The ability of a company's management to make sound decisions and inspire others to perform
well. Effective leaders are able to set and achieve challenging goals, to take swift and decisive
action even in difficult situations, to outperform their competition, to take calculated risks and to
persevere in the face of failure. Strong communication skills, self-confidence, the ability to
manage others and a willingness to embrace change also characterize good leaders.

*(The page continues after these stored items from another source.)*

(* Let $G=(V,E)$ and $\hat G=(V,\hat E)$ be connected graphs with $\hat E\subseteq E$, let $A\subseteq V$ be nonempty and let $U\subseteq V$. If $\delta(u,v)=\hat\delta(u,v)$ for every pair $(u,v)\in\Big(\bigcup_{a\in A}\hat N_2(a)\Big)\times U$, then $D_a=\hat D_a$ for every $a\in A$.
   Context: $\delta$, $\hat\delta$ are the shortest-path metrics of the unweighted graphs $G$, $\hat G$. For $S\subseteq V$, $\delta(S,v)=\min_{s\in S}\delta(s,v)$ and similarly for $\hat\delta$. $N_2(a)=\{u\in V:\delta(u,a)\le2\}$ and $\hat N_2(a)=\{u\in V:\hat\delta(u,a)\le2\}$. For $w\in V$, $C_A(w)=\{v\in V:\delta(w,v)<\delta(A,v)\}$ and $\hat C_A(w)=\{v\in V:\hat\delta(w,v)<\hat\delta(A,v)\}$. For $a\in A$, $D_a=\Big(\bigcup_{b\in N_2(a)}C_A(b)\cup N_2(a)\Big)\cap U$ and $\hat D_a=\Big(\bigcup_{b\in \hat N_2(a)}\hat C_A(b)\cup \hat N_2(a)\Big)\cap U$. *)

theory Defs
  imports Main
begin

definition graph :: "'a set \<Rightarrow> ('a \<times> 'a) set \<Rightarrow> bool" where
  "graph V E \<longleftrightarrow> E \<subseteq> V \<times> V \<and> sym E \<and> irrefl E"

definition connected_graph :: "'a set \<Rightarrow> ('a \<times> 'a) set \<Rightarrow> bool" where
  "connected_graph V E \<longleftrightarrow> graph V E \<and> (\<forall>u\<in>V. \<forall>v\<in>V. \<exists>n. (u, v) \<in> E ^^ n)"

definition gdist :: "('a \<times> 'a) set \<Rightarrow> 'a \<Rightarrow> 'a \<Rightarrow> nat" where
  "gdist E u v = (LEAST n. (u, v) \<in> E ^^ n)"

definition setdist :: "('a \<times> 'a) set \<Rightarrow> 'a set \<Rightarrow> 'a \<Rightarrow> nat" where
  "setdist E S v = (INF s\<in>S. gdist E s v)"

definition N2 :: "'a set \<Rightarrow> ('a \<times> 'a) set \<Rightarrow> 'a \<Rightarrow> 'a set" where
  "N2 V E a = {u \<in> V. gdist E u a \<le> 2}"

definition Cl :: "'a set \<Rightarrow> ('a \<times> 'a) set \<Rightarrow> 'a set \<Rightarrow> 'a \<Rightarrow> 'a set" where
  "Cl V E A w = {v \<in> V. gdist E w v < setdist E A v}"

definition Dset :: "'a set \<Rightarrow> ('a \<times> 'a) set \<Rightarrow> 'a set \<Rightarrow> 'a set \<Rightarrow> 'a \<Rightarrow> 'a set" where
  "Dset V E A U a = ((\<Union>b\<in>N2 V E a. Cl V E A b) \<union> N2 V E a) \<inter> U"

end

theory Submission
  imports Defs
begin

text \<open>The sets \<open>D\<^sub>a\<close> depend only on distances measured from \<open>a\<close> and from \<open>A\<close>:
  a vertex \<open>v\<close> lies in \<open>(\<Union>b\<in>N\<^sub>2(a). C\<^sub>A(b)) \<union> N\<^sub>2(a)\<close> iff
  \<open>\<delta>(a,v) \<le> 2\<close> or \<open>\<delta>(a,v) < \<delta>(A,v) + 2\<close>. One direction is the triangle inequality
  through \<open>b\<close>; for the other, the vertex two steps along a shortest walk from \<open>a\<close> to \<open>v\<close>
  witnesses membership. Since \<open>a \<in> \<hat>N\<^sub>2(a)\<close> and \<open>A \<subseteq> \<Union>a\<in>A. \<hat>N\<^sub>2(a)\<close>, the hypothesis makes
  all these distances agree in \<open>G\<close> and \<open>\<hat>G\<close> for \<open>v \<in> U\<close>.\<close>

lemma relpow_sym: "sym R \<Longrightarrow> (x, y) \<in> R ^^ n \<Longrightarrow> (y, x) \<in> R ^^ n"
proof (induction n arbitrary: y)
  case 0
  then show ?case by (auto elim: relpow_0_E intro: relpow_0_I)
next
  case (Suc n)
  from Suc.prems(2) obtain z where "(x, z) \<in> R ^^ n" "(z, y) \<in> R" by (rule relpow_Suc_E)
  with Suc show ?case by (meson relpow_Suc_I2 symD)
qed

lemma relpow_closed: "R \<subseteq> V \<times> V \<Longrightarrow> (x, y) \<in> R ^^ n \<Longrightarrow> x \<in> V \<Longrightarrow> y \<in> V"
proof (induction n arbitrary: y)
  case 0
  then show ?case by (auto elim: relpow_0_E)
next
  case (Suc n)
  from Suc.prems(2) obtain z where "(x, z) \<in> R ^^ n" "(z, y) \<in> R" by (rule relpow_Suc_E)
  with Suc show ?case by blast
qed

lemma gdist_le: "(u, v) \<in> E ^^ n \<Longrightarrow> gdist E u v \<le> n"
  unfolding gdist_def by (rule Least_le)

lemma gdist_self [simp]: "gdist E a a = 0"
  by (meson gdist_le relpow_0_I le_zero_eq)

lemma gdist_walk: "connected_graph V E \<Longrightarrow> u \<in> V \<Longrightarrow> v \<in> V \<Longrightarrow> (u, v) \<in> E ^^ gdist E u v"
  unfolding gdist_def connected_graph_def by (meson LeastI)

lemma gdist_commute:
  assumes "connected_graph V E" "u \<in> V" "v \<in> V"
  shows "gdist E u v = gdist E v u"
proof -
  have "sym E" using assms(1) unfolding connected_graph_def graph_def by auto
  then have "gdist E v u \<le> gdist E u v" "gdist E u v \<le> gdist E v u"
    using gdist_walk[OF assms] gdist_walk[OF assms(1,3,2)] by (meson gdist_le relpow_sym)+
  then show ?thesis by simp
qed

lemma gdist_triangle: "connected_graph V E \<Longrightarrow> u \<in> V \<Longrightarrow> v \<in> V \<Longrightarrow> w \<in> V \<Longrightarrow>
    gdist E u w \<le> gdist E u v + gdist E v w"
  by (meson gdist_le gdist_walk relpow_trans)

lemma self_in_N2: "a \<in> V \<Longrightarrow> a \<in> N2 V E a"
  by (simp add: N2_def)

lemma mem_N2_iff: "connected_graph V E \<Longrightarrow> a \<in> V \<Longrightarrow> v \<in> N2 V E a \<longleftrightarrow> v \<in> V \<and> gdist E a v \<le> 2"
  unfolding N2_def using gdist_commute by fastforce

lemma gdist_split_N2:
  assumes conn: "connected_graph V E" and "a \<in> V" "v \<in> V" "2 \<le> gdist E a v"
  obtains b where "b \<in> N2 V E a" "gdist E b v \<le> gdist E a v - 2"
proof -
  have EV: "E \<subseteq> V \<times> V" and "sym E" using conn unfolding connected_graph_def graph_def by auto
  have "(a, v) \<in> E ^^ 2 O E ^^ (gdist E a v - 2)"
    using gdist_walk[OF conn \<open>a \<in> V\<close> \<open>v \<in> V\<close>] \<open>2 \<le> gdist E a v\<close>
    by (metis le_add_diff_inverse relpow_add)
  then obtain b where ab: "(a, b) \<in> E ^^ 2" and bv: "(b, v) \<in> E ^^ (gdist E a v - 2)"
    by blast
  have "b \<in> N2 V E a"
    using relpow_closed[OF EV ab \<open>a \<in> V\<close>] gdist_le[OF relpow_sym[OF \<open>sym E\<close> ab]]
    by (simp add: N2_def)
  then show thesis using gdist_le[OF bv] by (rule that)
qed

lemma mem_Cl_N2_iff:
  assumes conn: "connected_graph V E" and "a \<in> V" "v \<in> V"
  shows "v \<in> (\<Union>b\<in>N2 V E a. Cl V E A b) \<union> N2 V E a \<longleftrightarrow>
    gdist E a v \<le> 2 \<or> gdist E a v < setdist E A v + 2"
proof
  assume "v \<in> (\<Union>b\<in>N2 V E a. Cl V E A b) \<union> N2 V E a"
  then consider "v \<in> N2 V E a" | b where "b \<in> N2 V E a" "v \<in> Cl V E A b" by blast
  then show "gdist E a v \<le> 2 \<or> gdist E a v < setdist E A v + 2"
  proof cases
    case 1
    then show ?thesis using mem_N2_iff[OF conn \<open>a \<in> V\<close>] by blast
  next
    case 2
    then have "b \<in> V" "gdist E a b \<le> 2" "gdist E b v < setdist E A v"
      using mem_N2_iff[OF conn \<open>a \<in> V\<close>] by (auto simp: Cl_def)
    then show ?thesis using gdist_triangle[OF conn \<open>a \<in> V\<close> _ \<open>v \<in> V\<close>, of b] by linarith
  qed
next
  assume "gdist E a v \<le> 2 \<or> gdist E a v < setdist E A v + 2"
  then show "v \<in> (\<Union>b\<in>N2 V E a. Cl V E A b) \<union> N2 V E a"
  proof
    assume "gdist E a v \<le> 2"
    then show ?thesis using mem_N2_iff[OF conn \<open>a \<in> V\<close>] \<open>v \<in> V\<close> by blast
  next
    assume close: "gdist E a v < setdist E A v + 2"
    show ?thesis
    proof (cases "2 \<le> gdist E a v")
      case True
      then obtain b where "b \<in> N2 V E a" "gdist E b v \<le> gdist E a v - 2"
        using gdist_split_N2[OF conn \<open>a \<in> V\<close> \<open>v \<in> V\<close>] by blast
      moreover from this(2) close True have "gdist E b v < setdist E A v" by linarith
      ultimately show ?thesis using \<open>v \<in> V\<close> unfolding Cl_def by blast
    next
      case False
      then show ?thesis using mem_N2_iff[OF conn \<open>a \<in> V\<close>] \<open>v \<in> V\<close> by simp
    qed
  qed
qed

lemma Dset_eq_gdist:
  assumes "connected_graph V E" "a \<in> V" "U \<subseteq> V"
  shows "Dset V E A U a = {v \<in> U. gdist E a v \<le> 2 \<or> gdist E a v < setdist E A v + 2}"
  using mem_Cl_N2_iff[OF assms(1,2)] assms(3) unfolding Dset_def by blast

theorem lemma7:
  fixes V :: "'a set" and E Eh :: "('a \<times> 'a) set" and A U :: "'a set"
  assumes "connected_graph V E"
    and "connected_graph V Eh"
    and "Eh \<subseteq> E"
    and "A \<subseteq> V" and "A \<noteq> {}"
    and "U \<subseteq> V"
    and "\<forall>u \<in> (\<Union>a\<in>A. N2 V Eh a). \<forall>v \<in> U. gdist E u v = gdist Eh u v"
  shows "\<forall>a\<in>A. Dset V E A U a = Dset V Eh A U a"
proof
  fix a assume "a \<in> A"
  then have "a \<in> V" using assms(4) by blast
  have dist_eq: "gdist E x v = gdist Eh x v" if "x \<in> A" "v \<in> U" for x v
  proof -
    have "x \<in> N2 V Eh x" using that(1) assms(4) by (intro self_in_N2) blast
    with \<open>x \<in> A\<close> have "x \<in> (\<Union>a\<in>A. N2 V Eh a)" by blast
    with assms(7) \<open>v \<in> U\<close> show ?thesis by blast
  qed
  have "setdist E A v = setdist Eh A v" if "v \<in> U" for v
    unfolding setdist_def using dist_eq[OF _ that] by (simp cong: image_cong)
  with dist_eq[OF \<open>a \<in> A\<close>] show "Dset V E A U a = Dset V Eh A U a"
    unfolding Dset_eq_gdist[OF assms(1) \<open>a \<in> V\<close> assms(6)]
      Dset_eq_gdist[OF assms(2) \<open>a \<in> V\<close> assms(6)]
    by (intro Collect_cong) auto
qed

end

Below listed are the key Characteristics and Traits observed of effective leaders
1. Focused
Its important to eliminate distractions from the work area and to hone in on the key issues at
hand. While leaders are often pulled in numerous directions simultaneously, they must be able to
retain clear minds and focus on the things that matter.
2. Passionate
Leader enthusiasm and level of commitment can inspire your team members and motivate them
to do better work.
3. Assertive / Confident
Assertive leaders are firm and bold, unafraid to go after what they want. Such a level of certainty
and confidence will serve both leader and their team well as helps tackle larger challenges and go
after new goals.
4. Decisive
a decisive leader should never be confused with an impulsive one. A decisive leader carefully
weighs the potential effects of each option and chooses the opportunity that works best for his or
her team.
5. Empowering
Supporting your team is one of the best ways to encourage members to perform well. Empower
each individual by making it clear that you trust his or her judgment.
7. Communicative
Always keep your team informed about whats going on. A lack of communication promotes the
spread of false information and resentment among your team members.
8. Self-Aware
It can be tough to retain a strong sense of yourself and the way you appear to others, but focus on
being self-aware. Consider your strengths and weaknesses as objectively as possible
9. Humble
Effective leaders are down-to-earth and easy to relate with. People feel more comfortable
connecting with a leader who is humble and compassionate.
10. Honest
Finally, effective leaders are honest. Be upfront with your team members and trust them enough
to communicate openly and authentically together.